The claimant’s bill of costs sought a total of £22,982.91 including VAT and disbursements, whereas it was the defendant’s case that the costs should be limited to those payable under the fixed costs RTA regime in CPR 45 Section 2, so that no more than £800, plus 20% of the damages calculated at £1,000 and a success fee of 12.5% plus VAT together with a reasonable sum for the disbursements listed in CPR.45.10 (2), would be payable.

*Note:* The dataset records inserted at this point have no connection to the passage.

lemma shorter_bad_path:
  assumes z: "hub_candidate z" and no_common: "\<not> (\<exists>x\<in>set X. E x (v 0) \<and> E x z)"
    and D: "path_in (v ` {..L} \<union> {z}) E D" "even (length D)" "at_most_short_chord E D"
      "{D!0, last D} = {v 0, z}"
    and m: "m < i - 1" "E (xs!m) (last D)" "\<And>a. a < m \<Longrightarrow> \<not> E (xs!a) (last D)"
      "\<exists>a<m. E (xs!a) (D!0)"
  shows "bad_path V E col c xs (Suc m) (None # map Some D @ [Some (xs!m)])"
proof (rule bad_path_of_core)
  have z_props: "z \<in> V" "c < col z" "z \<notin> set X" using z X_in unfolding hub_candidate_def by auto
  have take_X: "set (take m xs) \<subseteq> set X" unfolding X_def using m(1) by (simp add: set_take_subset_set_take)
  have xm_X: "xs!m \<in> set X" using in_X_nth m(1) by blast
  show "m < length xs" using m(1) i_bounds by simp
  have "v ` {..L} \<union> {z} \<subseteq> gstar_rem V col c xs m"
    using v_props z_props take_X X_in unfolding gstar_rem_def by auto
  then show "path_in (gstar_rem V col c xs m) E D"
    using D(1) subset_trans unfolding path_in_def by blast
  show "even (length D)" "at_most_short_chord E D" by (fact D(2), fact D(3))
  obtain a where "a < m" "E (xs!a) (D!0)" using m(4) by blast
  moreover have "xs!a \<in> set (take m xs)"
    using \<open>a < m\<close> m(1) i_bounds nth_mem[of a "take m xs"] by simp
  ultimately show "\<exists>x\<in>set (take m xs). E x (D!0)" by blast
  show "\<not> (\<exists>x\<in>set (take m xs). E x (D!j))" if j: "0 < j" "j < length D" for j
  proof (cases "Suc j = length D")
    case True
    moreover have "D \<noteq> []" using that by auto
    ultimately have "D!j = last D" by (simp add: last_conv_nth del: One_nat_def) (metis diff_Suc_1)
    then show ?thesis using m(3) by (auto simp: in_set_conv_nth)
  next
    case False
    then have "Suc j < length D" using j by simp
    then obtain b where "1 \<le> b" "b \<le> L" "D!j = v b" using core_interior[OF D(1,4) j(1)] by auto
    then show ?thesis using X_not_adj take_X by auto
  qed
  show "E (last D) (xs!m)" using m(2) sym by blast
  show "\<not> E (D!j) (xs!m)" if j: "Suc j < length D" for j
  proof (cases "j = 0")
    case True
    have "D!0 \<noteq> last D"
      using D(1) j nth_eq_iff_index_eq[of D 0 "length D - 1"] unfolding path_in_def
      by (auto simp: last_conv_nth)
    then have "(D!0 = v 0 \<and> last D = z) \<or> (D!0 = z \<and> last D = v 0)"
      using D(4) by (auto simp: doubleton_eq_iff)
    show ?thesis
    proof
      assume "E (D!j) (xs!m)"
      then have "E (xs!m) (D!0)" using True sym by simp
      then show False
        using \<open>(D!0 = v 0 \<and> last D = z) \<or> (D!0 = z \<and> last D = v 0)\<close> m(2) no_common xm_X by auto
    qed
  next
    case False
    then obtain b where b: "1 \<le> b" "b \<le> L" "D!j = v b" using core_interior[OF D(1,4) _ j] by auto
    show ?thesis
    proof
      assume "E (D!j) (xs!m)"
      then have "E (xs!m) (v b)" using b(3) sym by simp
      then show False using X_not_adj[OF b(1,2) xm_X] by simp
    qed
  qed
  show "xs!m \<notin> set D"
  proof
    assume "xs!m \<in> set D"
    then have "xs!m \<in> v ` {..L} \<union> {z}" using D(1) unfolding path_in_def by blast
    then obtain b where "b \<le> L" "xs!m = v b" using xm_X z_props(3) by auto
    then show False using v_props[of b] xm_X by simp
  qed
qed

The rules state, so far as relevant:
“In this Section –
(a) ‘road traffic accident’ means an accident resulting in bodily injury to any person or damage to property caused by, or arising out of, the use of a motor vehicle on a road or other public place in England and Wales;
(b) ‘motor vehicle’ means a mechanically propelled vehicle intended for use on roads; and
(c) ‘road’ means any highway and any other road to which the public has access and includes bridges over which a road passes.”

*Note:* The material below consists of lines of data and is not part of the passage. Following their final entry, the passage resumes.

lemma walk_of_len_if_mem_balls:
  assumes "lists_neighbours V E N" "x \<in> V" "a \<le> r" "y \<in> set (balls N r x ! a)"
  shows "\<exists>m\<le>a. walk_of_len V E x y m"
  using assms(3,4)
proof (induction r arbitrary: a y)
  case 0
  then show ?case
    using walk_of_len_refl[OF assms(2)] by auto
next
  case (Suc r)
  show ?case
  proof (cases "a \<le> r")
    case True
    then show ?thesis
      using Suc.IH Suc.prems(2) balls_Suc_nth by metis
  next
    case False
    then have a: "a = Suc r"
      using Suc.prems(1) by simp
    then have "y \<in> set (bfs_step N (balls N r x ! r))"
      using Suc.prems(2) by (simp add: Let_def nth_append last_balls)
    then consider "y \<in> set (balls N r x ! r)"
      | w where "w \<in> set (balls N r x ! r)" "y \<in> set (N w)"
      unfolding bfs_step_def by auto
    then show ?thesis
    proof cases
      case 1
      then show ?thesis
        using Suc.IH[of r y] a le_SucI by blast
    next
      case 2
      then obtain m where m: "m \<le> r" "walk_of_len V E x w m"
        using Suc.IH[of r w] by blast
      have "w \<in> V"
        using m(2) by (rule walk_of_len_last_in)
      then have "y \<in> V" "E w y"
        using 2(2) assms(1) unfolding lists_neighbours_def by auto
      then have "walk_of_len V E x y (Suc m)"
        by (intro walk_of_len_snoc[OF m(2)])
      then show ?thesis
        using a m(1) by auto
    qed
  qed
qed

lemma mem_balls_in_vertices:
  assumes "lists_neighbours V E N" "x \<in> V" "a \<le> r" "y \<in> set (balls N r x ! a)"
  shows "y \<in> V"
  using walk_of_len_if_mem_balls[OF assms] walk_of_len_last_in by auto

lemma graph_dist_le_if_mem_balls:
  assumes "lists_neighbours V E N" "x \<in> V" "a \<le> r" "y \<in> set (balls N r x ! a)"
  shows "graph_dist V E x y \<le> enat a"
proof -
  obtain m where m: "m \<le> a" "walk_of_len V E x y m"
    using walk_of_len_if_mem_balls[OF assms] by blast
  have "graph_dist V E x y \<le> enat m"
    using m(2) by (rule graph_dist_le_walk)
  also have "\<dots> \<le> enat a"
    using m(1) by simp
  finally show ?thesis .
qed

section \<open>Searching for a packing colouring\<close>

text \<open>Vertices are coloured in the order of the list, each together with the list \<open>bs\<close> of its
  balls; \<open>F ! a\<close> collects the vertices that may no longer receive colour \<open>a\<close>. The recursive call
  sits under an \<open>if\<close> rather than a conjunction so that evaluation by the simplifier
  (\<open>code_simp\<close>) does not unfold pruned branches.\<close>

fun packing_search :: "nat \<Rightarrow> 'a list list \<Rightarrow> ('a \<times> 'a list list) list \<Rightarrow> bool" where
  "packing_search c F [] = True"
| "packing_search c F ((x, bs) # xbs) =
     list_ex (\<lambda>a. if x \<in> set (F ! a) then False
                  else packing_search c (F[a := bs ! a @ F ! a]) xbs) [1..<Suc c]"

lemma packing_search_complete:
  assumes "c < length F"
    and "\<forall>a\<in>{1..c}. \<forall>y\<in>set (F ! a). f y \<noteq> a"
    and "\<forall>(x, bs)\<in>set xbs. f x \<in> {1..c} \<and> (\<forall>y\<in>set (bs ! f x). f y \<noteq> f x)"
  shows "packing_search c F xbs"
  using assms
proof (induction xbs arbitrary: F)
  case Nil
  then show ?case by simp
next
  case (Cons xb xbs)
  obtain x bs where xb: "xb = (x, bs)"
    by fastforce
  define a where "a = f x"
  define F' where "F' = F[a := bs ! a @ F ! a]"
  have a: "a \<in> {1..c}" and bs: "\<forall>y\<in>set (bs ! a). f y \<noteq> a"
    using Cons.prems(3) unfolding xb a_def by auto
  have "x \<notin> set (F ! a)"
    using Cons.prems(2) a unfolding a_def by blast
  moreover have "packing_search c F' xbs"
  proof (rule Cons.IH)
    show "c < length F'"
      using Cons.prems(1) by (simp add: F'_def)
    show "\<forall>a'\<in>{1..c}. \<forall>y\<in>set (F' ! a'). f y \<noteq> a'"
      using Cons.prems(1,2) a bs by (auto simp: F'_def nth_list_update)
    show "\<forall>(x, bs)\<in>set xbs. f x \<in> {1..c} \<and> (\<forall>y\<in>set (bs ! f x). f y \<noteq> f x)"
      using Cons.prems(3) by simp
  qed
  ultimately have "if x \<in> set (F ! a) then False else packing_search c F' xbs"
    by simp
  moreover have "a \<in> set [1..<Suc c]"
    using a by auto
  ultimately show ?case
    unfolding xb F'_def packing_search.simps list_ex_iff by (rule bexI)
qed

text \<open>Each entry keeps only the later vertices of its balls: only they can be affected by the
  colour chosen for it.\<close>

fun with_balls :: "('a \<Rightarrow> 'a list) \<Rightarrow> nat \<Rightarrow> 'a list \<Rightarrow> ('a \<times> 'a list list) list" where
  "with_balls N c [] = []"
| "with_balls N c (x # xs) =
     (x, map (filter (\<lambda>y. y \<in> set xs)) (balls N c x)) # with_balls N c xs"

lemma with_balls_entry:
  assumes "(x, bs) \<in> set (with_balls N c xs)" "distinct xs"
  obtains zs where "x \<in> set xs" "set zs \<subseteq> set xs" "x \<notin> set zs"
    "bs = map (filter (\<lambda>y. y \<in> set zs)) (balls N c x)"
  using assms by (induction xs) auto

lemma not_packing_coloring_if_search_fails:
  assumes N: "lists_neighbours V E N" and x: "x \<in> V"
    and fails: "\<not> packing_search c (replicate (Suc c) []) (with_balls N c (last (balls N r x)))"
  shows "\<not> packing_coloring V E c f"
proof
  assume f: "packing_coloring V E c f"
  let ?xs = "last (balls N r x)"
  have xs: "set ?xs \<subseteq> V"
    using mem_balls_in_vertices[OF N x, of r r] by (auto simp: last_balls)
  have "packing_search c (replicate (Suc c) []) (with_balls N c ?xs)"
  proof (rule packing_search_complete)
    show "\<forall>(z, bs)\<in>set (with_balls N c ?xs). f z \<in> {1..c} \<and> (\<forall>y\<in>set (bs ! f z). f y \<noteq> f z)"
    proof (intro ballI, clarify)
      fix z bs assume "(z, bs) \<in> set (with_balls N c ?xs)"
      then obtain zs where zs: "z \<in> set ?xs" "set zs \<subseteq> set ?xs" "z \<notin> set zs"
        "bs = map (filter (\<lambda>y. y \<in> set zs)) (balls N c z)"
        by (rule with_balls_entry[OF _ distinct_last_balls])
      have z: "z \<in> V"
        using zs(1) xs by blast
      then have fz: "f z \<in> {1..c}"
        using f unfolding packing_coloring_def by blast
      have "f y \<noteq> f z" if y: "y \<in> set (bs ! f z)" for y
      proof
        assume same: "f y = f z"
        have y': "y \<in> set zs" "y \<in> set (balls N c z ! f z)"
          using y fz zs(4) by auto
        then have "y \<in> V" "y \<noteq> z"
          using zs(2,3) xs by auto
        then have "enat (f z) < graph_dist V E z y"
          using f z same unfolding packing_coloring_def by metis
        moreover have "graph_dist V E z y \<le> enat (f z)"
          using graph_dist_le_if_mem_balls[OF N z _ y'(2)] fz by simp
        ultimately show False
          by simp
      qed
      then show "f z \<in> {1..c} \<and> (\<forall>y\<in>set (bs ! f z). f y \<noteq> f z)"
        using fz by blast
    qed
  qed (auto simp: nth_replicate)
  with fails show False
    by contradiction
qed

It was common ground that the transport vehicle belonging to the defendant was a “motor vehicle” within the meaning of CPR 47.7(4)(b) and that at the date of the accident, it was parked on a “road” within the meaning of sub-section (4)(c).

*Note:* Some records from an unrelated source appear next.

(* A PAF $\psi:\mathcal P^N\to\mathcal P$ is Level-SP and anonymous if and only if there exist $n+1$ weakly increasing, right-continuous functions $f_0,f_1,\dots,f_n:\Lambda\to[0,1]$ such that: (i) $f_k\le f_{k+1}$ pointwise for all $0\le k\le n-1$; (ii) if $\sup\Lambda\notin\Lambda$ then $\lim_{a\to\sup\Lambda}f_n(a)=1$, and otherwise $f_n(\sup\Lambda)=1$; (iii) if $\inf\Lambda\notin\Lambda$ then $\lim_{a\to\inf\Lambda}f_0(a)=0$; (iv) the associated CAF satisfies, for all $\mathbf P\in\mathcal C^N$ and $a\in\Lambda$, $$\Psi(\mathbf P)(a)=\operatorname{median}\big(P_1(a),\dots,P_n(a),f_0(a),\dots,f_n(a)\big).$$ Moreover, $\psi$ is unanimous if and only if such functions can be chosen with $f_0(a)=0$ and $f_n(a)=1$ for all $a\in\Lambda$.
   Context: Let $N=\{1,\dots,n\}$ be a finite set of experts and $\Lambda\subseteq\mathbb R$ a nonempty Borel set with the usual order. $\mathcal P$ denotes the set of Borel probability measures on $\Lambda$ and $\mathcal C$ the set of CDFs on $\Lambda$; $\pi(p)(a)=p(\{x\in\Lambda:x\le a\})$. A PAF is a map $\psi:\mathcal P^N\to\mathcal P$; its associated CAF $\Psi:\mathcal C^N\to\mathcal C$ is defined by $\Psi(\pi(p_1),\dots,\pi(p_n))=\pi(\psi(p_1,\dots,p_n))$; $P_i=\pi(p_i)$, $\mathbf P=(P_1,\dots,P_n)$. $\mathbf z_{-i}(z_i')$ denotes the profile $\mathbf z$ with its $i$-th coordinate replaced by $z_i'$. $\psi$ is Level-SP if for every $i$, $\mathbf P\in\mathcal C^N$, $P_i'\in\mathcal C$, $a\in\Lambda$: $P_i(a)<\Psi(\mathbf P)(a)\Rightarrow\Psi(\mathbf P)(a)\le\Psi(\mathbf P_{-i}(P_i'))(a)$ and $P_i(a)>\Psi(\mathbf P)(a)\Rightarrow\Psi(\mathbf P)(a)\ge\Psi(\mathbf P_{-i}(P_i'))(a)$. $\psi$ is anonymous if $\psi(p_{\sigma(1)},\dots,p_{\sigma(n)})=\psi(p_1,\dots,p_n)$ for every permutation $\sigma$ of $N$ and every profile; unanimous if $\psi(p,\dots,p)=p$ for all $p$. The median of $2n+1$ real numbers is the $(n+1)$-th smallest. *)

theory Defs
  imports "HOL-Probability.Probability"
begin

definition prob_measures :: "real set \<Rightarrow> real measure set" where
  "prob_measures Lam = {M. prob_space M \<and> space M = Lam \<and> sets M = sets (restrict_space borel Lam)}"

text \<open>The CDF map pi: pi(p)(a) = p({x in Lam. x <= a}); only meaningful for a in Lam.\<close>
definition cdf_on :: "real set \<Rightarrow> real measure \<Rightarrow> real \<Rightarrow> real" where
  "cdf_on Lam M a = measure M {x \<in> Lam. x \<le> a}"

definition profiles :: "nat \<Rightarrow> real set \<Rightarrow> (nat \<Rightarrow> real measure) set" where
  "profiles n Lam = PiE {1..n} (\<lambda>_. prob_measures Lam)"

definition is_PAF :: "nat \<Rightarrow> real set \<Rightarrow> ((nat \<Rightarrow> real measure) \<Rightarrow> real measure) \<Rightarrow> bool" where
  "is_PAF n Lam psi \<longleftrightarrow> (\<forall>p \<in> profiles n Lam. psi p \<in> prob_measures Lam)"
lemma closing_face_large:
  assumes closed: "closed_face E' x" and fresh: "\<not> allocated c x"
    and enter: "phi E' x = rot (hang a)"
    and tail: "walk E' (phi E' (hang b)) r x" "\<forall>i<r. (phi E' ^^ i) (phi E' (hang b)) \<noteq> x"
    and enough: "6 \<le> gap_bound a b + tri_count (phi E') (phi E' (hang b)) (Suc r)"
  shows "6 \<le> face_sides (face E' x)"
proof (cases "reaches_boundary E (rot (hang a))")
  case True
  then have "reaches_boundary E' ((phi E' ^^ 1) x)"
    using reaches_boundary_mono[OF matching' edges_mono] enter by simp
  then show ?thesis
    using closed_face_funpow[OF closed] closed_face_walkD
    unfolding reaches_boundary_def by blast
next
  case False
  then have "bounded_gap E a b"
    using old_gaps(1) unfolding gap_ok_def by simp
  moreover have "x \<notin> web_darts E"
    using fresh allocated_darts by blast
  moreover have "hang b \<noteq> x"
    using fresh allocated_darts[of "hang b"] by auto
  ultimately show ?thesis
    using face_sides_closing_gap[OF matching' edges_mono finite_edges' closed _ enter _ _ tail] enough
    by linarith
qed

lemma attached_replacement_cases:
  assumes "x \<in> web_darts E' \<union> hang ` set (xs @ M @ ys)"
  obtains "allocated c x" "x \<in> web_darts E \<union> hang ` set (xs @ [a, b] @ ys)"
  | "\<not> allocated c x" "allocated c' x" "x \<in> web_darts E' \<union> hang ` set M"
proof -
  consider "x \<in> web_darts E \<union> hang ` set (xs @ [a, b] @ ys)"
    | "x \<in> web_darts E'" "x \<notin> web_darts E" "x \<noteq> hang a" "x \<noteq> hang b"
    | "x \<in> hang ` set M"
    using assms by auto
  then show thesis
  proof cases
    case 1
    then show thesis using that(1) allocated_darts by blast
  next
    case 2
    then show thesis using that(2) new_darts by blast
  next
    case 3
    then show thesis using that(2) new_hangs by blast
  qed
qed

lemma grow_inv_replacement:
  assumes "gaps_ok E' (xs @ M @ ys)" "large_closed_faces E'"
  shows "grow_inv (xs @ M @ ys) c' E'"
proof (rule grow_inv.intro)
  have old_alloc: "allocated c x" if "x \<in> hang ` set (xs @ [a, b] @ ys)" for x
    using allocated_darts that by blast
  have new_alloc: "\<not> allocated c x" if "x \<in> hang ` set M" for x
    using new_hangs that by blast
  show "finite E'" "partial_matching E'" "gaps_ok E' (xs @ M @ ys)" "large_closed_faces E'"
    using finite_edges' matching' assms by simp_all
  have "distinct (map hang xs @ map hang ys)"
    using distinct_hangs by auto
  moreover have "hang ` set M \<inter> hang ` set (xs @ ys) = {}"
    using old_alloc new_alloc unfolding set_append image_Un by blast
  ultimately show "distinct (map hang (xs @ M @ ys))"
    using distinct_new_hangs by auto
  show "x \<notin> web_darts E'" if "x \<in> hang ` set (xs @ M @ ys)" for x
    using that new_hangs kept_hang_unmatched unfolding set_append image_Un by blast
  show "allocated c' x" if "x \<in> web_darts E' \<union> hang ` set (xs @ M @ ys)" for x
    using that by (rule attached_replacement_cases) (use allocated_darts allocated_mono alloc_mono in blast)+
  show "\<not> is_cp (fst x)" if "x \<in> hang ` set (xs @ M @ ys)" for x
    using that hang_not_cup new_hangs unfolding set_append image_Un by blast
  show "rot x \<in> web_darts E' \<union> hang ` set (xs @ M @ ys)"
    if "x \<in> web_darts E' \<union> hang ` set (xs @ M @ ys)" "inner_vtx (fst x)" for x
    using that(1)
  proof (rule attached_replacement_cases)
    assume "x \<in> web_darts E \<union> hang ` set (xs @ [a, b] @ ys)"
    then show ?thesis
      using rot_attached that(2) attached_mono by blast
  next
    assume "\<not> allocated c x" "x \<in> web_darts E' \<union> hang ` set M"
    then have "rot x \<in> web_darts E' \<union> hang ` set M"
      using new_rot_attached that(2) by blast
    then show ?thesis by auto
  qed
  show "j \<in> {-1, 0, 1}" if "(s, j, d) \<in> set (xs @ M @ ys)" for s j d
    using that state_range[of s j d] new_states[of s j d] by auto
  show "\<not> is_cp (fst x)" if "(x, y) \<in> E'" for x y
    using that cup_not_source new_sources by blast
qed

end

section \<open>The three replacements\<close>

lemma rot_slots [simp]:
  "rot (Tri m, 0) = (Tri m, 1)" "rot (Tri m, 1) = (Tri m, 2)" "rot (Tri m, 2) = (Tri m, 0)"
  "rot (Cp m, 0) = (Cp m, 1)" "rot (Cp m, 1) = (Cp m, 0)"
  by simp_all

text \<open>
  Keep slots as numerals: by default \<open>1 :: nat\<close> is rewritten to \<open>Suc 0\<close>, and
  \<open>rot (Tri m, 1)\<close> to a slot \<open>Suc (Suc 0)\<close> that no longer matches \<open>2\<close>.
\<close>

declare rot.simps [simp del] One_nat_def [simp del]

Following the Court of Appeal’s reasoning in Dunthorne v Bentley & Hume (Administrators of the Estate of Diane Elizabeth Bentley) and Cornhill Insurance Plc  P.I.Q.R. 323, the Master concluded:
“Whilst I accept in layman’s terms that it might appear to defy logic were I to find on the facts of this case, that a road traffic accident could have taken place when, at the moment of injury, (1) Mrs Schneider was not the owner of the vehicle, (2) she was not inside the vehicle, (3) she was not the driver of the vehicle, (4) the vehicle was not in motion and (5) the vehicle was not in collision with Mrs Schneider or another vehicle, it is clear from Dunthorne that for a road traffic accident to occur, the tortfeasor’s vehicle does not need to be moving, nor must it be involved in a collision. On the contrary, in Dunthorne the Court of Appeal held that a road traffic accident had occurred through Mrs Bentley’s use of the car, even though at the moment of injury, it was stationary, undriveable and she was moving away from it. It follows that simply because the mini-bus had not commenced its journey, nor had it collided with another vehicle or pedestrian, that no road traffic accident could have taken place*. As was the case in Betty Green, I consider that use of the minibus occurred when Mrs Schneider placed her foot on the floor and her hands on the holding contact points, one such point being a handle. From that moment, she was engaged in an act or mode of “using” the vehicle and contrary to Mr James’ submission, in my judgment, what Mrs Schneider was not doing was simply putting herself into a position so that she could use it and that that use would not start until she was safely in her seat and the mini-bus had set off. Far from being a “causal concomitant”, in my judgment, her injury arose out of her use of the contact points and vehicle floor which were causal to the injury Mrs Schneider suffered.”
[*I think this should read: “It does not follow that…”]
The claim was therefore deemed to be an RTA under the rules. As the claim settled for £5,000, the costs fell within the fixed recoverable costs regime in CPR rule 45 and were limited accordingly.